▶ [WHAT NEEDS TO BE DONE]
Search the entries for the word "mathrm" and return every line where it is found.

▶ [DATA LISTING]
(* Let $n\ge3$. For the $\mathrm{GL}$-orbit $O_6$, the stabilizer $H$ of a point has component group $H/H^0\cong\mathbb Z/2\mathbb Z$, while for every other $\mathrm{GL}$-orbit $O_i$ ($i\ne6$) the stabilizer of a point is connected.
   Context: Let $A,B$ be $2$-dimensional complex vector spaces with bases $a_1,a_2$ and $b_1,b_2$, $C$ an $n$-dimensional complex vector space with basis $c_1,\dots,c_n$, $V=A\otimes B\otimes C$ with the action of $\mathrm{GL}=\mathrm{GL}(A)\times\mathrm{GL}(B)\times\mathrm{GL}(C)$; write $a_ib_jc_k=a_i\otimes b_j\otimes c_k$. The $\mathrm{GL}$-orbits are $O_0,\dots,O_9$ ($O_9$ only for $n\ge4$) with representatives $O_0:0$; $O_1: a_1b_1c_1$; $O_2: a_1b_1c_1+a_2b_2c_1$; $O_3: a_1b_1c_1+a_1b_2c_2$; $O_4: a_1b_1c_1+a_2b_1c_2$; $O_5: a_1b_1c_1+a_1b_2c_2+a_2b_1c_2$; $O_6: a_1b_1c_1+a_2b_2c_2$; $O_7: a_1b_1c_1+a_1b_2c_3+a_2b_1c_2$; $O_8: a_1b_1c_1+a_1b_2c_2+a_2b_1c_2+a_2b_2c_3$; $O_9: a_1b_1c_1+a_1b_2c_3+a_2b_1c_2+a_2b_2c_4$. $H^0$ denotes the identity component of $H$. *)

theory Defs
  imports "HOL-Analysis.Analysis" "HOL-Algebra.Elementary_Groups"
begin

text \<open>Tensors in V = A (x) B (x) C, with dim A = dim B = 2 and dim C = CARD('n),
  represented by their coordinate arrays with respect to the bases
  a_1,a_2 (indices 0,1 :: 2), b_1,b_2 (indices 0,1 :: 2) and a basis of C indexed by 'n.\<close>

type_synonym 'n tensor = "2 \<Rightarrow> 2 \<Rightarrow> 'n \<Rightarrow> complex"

▶ [ANSWER SPACE]
(* Let $n\ge3$. For the $\mathrm{GL}$-orbit $O_6$, the stabilizer $H$ of a point has component group $H/H^0\cong\mathbb Z/2\mathbb Z$, while for every other $\mathrm{GL}$-orbit $O_i$ ($i\ne6$) the stabilizer of a point is connected.
   Context: Let $A,B$ be $2$-dimensional complex vector spaces with bases $a_1,a_2$ and $b_1,b_2$, $C$ an $n$-dimensional complex vector space with basis $c_1,\dots,c_n$, $V=A\otimes B\otimes C$ with the action of $\mathrm{GL}=\mathrm{GL}(A)\times\mathrm{GL}(B)\times\mathrm{GL}(C)$; write $a_ib_jc_k=a_i\otimes b_j\otimes c_k$. The $\mathrm{GL}$-orbits are $O_0,\dots,O_9$ ($O_9$ only for $n\ge4$) with representatives $O_0:0$; $O_1: a_1b_1c_1$; $O_2: a_1b_1c_1+a_2b_2c_1$; $O_3: a_1b_1c_1+a_1b_2c_2$; $O_4: a_1b_1c_1+a_2b_1c_2$; $O_5: a_1b_1c_1+a_1b_2c_2+a_2b_1c_2$; $O_6: a_1b_1c_1+a_2b_2c_2$; $O_7: a_1b_1c_1+a_1b_2c_3+a_2b_1c_2$; $O_8: a_1b_1c_1+a_1b_2c_2+a_2b_1c_2+a_2b_2c_3$; $O_9: a_1b_1c_1+a_1b_2c_3+a_2b_1c_2+a_2b_2c_4$. $H^0$ denotes the identity component of $H$. *)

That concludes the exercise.